While not strictly necessary here, this is how you would do it:

In [None]:
# Example of standardization using .replace()
# This won't change anything in our current dataset, but it demonstrates the technique
df['PaymentMethod'] = df['PaymentMethod'].replace({
    'Credit card (automatic)': 'Credit Card (automatic)',
    'Bank transfer (automatic)': 'Bank Transfer (automatic)'
})

df['PaymentMethod'].value_counts()

#### Step 4: Create a New Feature

Let's re-create our `TenureGroup` feature from Session 35, as it will be useful for our upcoming analysis.

In [None]:
bins = [-1, 12, 48, 73] # (0-12 months), (13-48 months), (49-72 months)
labels = ['New Customer', 'Medium-Term Customer', 'Long-Term Customer']

df['TenureGroup'] = pd.cut(df['tenure'], bins=bins, labels=labels)
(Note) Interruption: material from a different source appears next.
(* Let $f\in\mathbb V(\mathcal E_\oplus)$ and set $g:=-2\imath\,\Pi B(A-\imath B^\top TB)^{-1}f$. If $p\in\mathbb V(\Gamma_\oplus)$ solves $(I+\Pi S)p=g$, then $u:=(A-\imath B^\top TB)^{-1}(B^\top Tp+f)$ belongs to $\operatorname{range}(R)$, and $u_\Omega:=(R^\top R)^{-1}R^\top u$ (so that $Ru_\Omega=u$) satisfies $R^\top AR\,u_\Omega=R^\top f$; i.e. $u_\Omega$ is the unique solution of the global system $A_\Omega u_\Omega=f_\Omega$ with $A_\Omega:=R^\top AR$, $f_\Omega:=R^\top f$.
   Context: Let $\mathcal E$ be a finite set, $\mathcal E_1,\dots,\mathcal E_J$ subsets with $\mathcal E=\bigcup_j\mathcal E_j$, $\Sigma:=\bigcup_{1\le j<k\le J}(\mathcal E_j\cap\mathcal E_k)$, $\Gamma$ any set with $\Sigma\subset\Gamma\subset\mathcal E$, $\Gamma_j:=\Gamma\cap\mathcal E_j$. $\mathbb V(\mathcal F):=\mathbb C^{\mathcal F}$; $\mathbb V(\mathcal E_\oplus):=\prod_j\mathbb V(\mathcal E_j)$, $\mathbb V(\Gamma_\oplus):=\prod_j\mathbb V(\Gamma_j)$. Restrictions: $Rx=((x_e)_{e\in\mathcal E_1},\dots,(x_e)_{e\in\mathcal E_J})$ for $x\in\mathbb V(\mathcal E)$ ($R^\top R$ is the diagonal matrix with entries $\#\{j:e\in\mathcal E_j\}\ge1$); $Qx=((x_e)_{e\in\Gamma_1},\dots,(x_e)_{e\in\Gamma_J})$ for $x\in\mathbb V(\Gamma)$; $B_jx=(x_e)_{e\in\Gamma_j}$ for $x\in\mathbb V(\mathcal E_j)$, $B:=\mathrm{diag}(B_j)$; $\top$ is the non-conjugated transpose. For each $j$ let $T_j$ be a real symmetric positive definite matrix on $\mathbb V(\Gamma_j)$, $T:=\mathrm{diag}(T_1,\dots,T_J)$, $P:=Q(Q^\top TQ)^{-1}Q^\top T$, $\Pi:=2P-I$. Let $A=\mathrm{diag}(A_1,\dots,A_J)$, $A_j\in\mathbb C^{\mathcal E_j\times\mathcal E_j}$, satisfying (A1) $\operatorname{Im}(\bar v^\top Av)\le0$ for all $v\in\mathbb V(\mathcal E_\oplus)$ and (A2) $R^\top AR$ invertible; then $A-\imath B^\top TB$ is invertible. Scattering matrix: $S:=I+2\imath B(A-\imath B^\top TB)^{-1}B^\top T$. *)

theory Defs
  imports Complex_Main
begin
### 4. Final Review of the Cleaned Data

Let's take one last look at our prepared dataset with `.info()` and `.head()`.

In [None]:
df.info()

In [None]:
df.head()

The data is now clean and ready for analysis!
*   No missing values.
*   Correct data types.
*   A new, engineered feature (`TenureGroup`) is available.

### 5. Conclusion

This session consolidated the key data cleaning and preparation tasks into a single, logical workflow. We have successfully transitioned our raw data into a clean, analyzable state.

This prepared dataset will be the foundation for all the work we do in Unit 4, where we will dive deep into Exploratory Data Analysis (EDA) to uncover insights.

**Next Session:** We will begin Unit 4 with a theoretical discussion of the key statistical concepts used to describe and summarize data.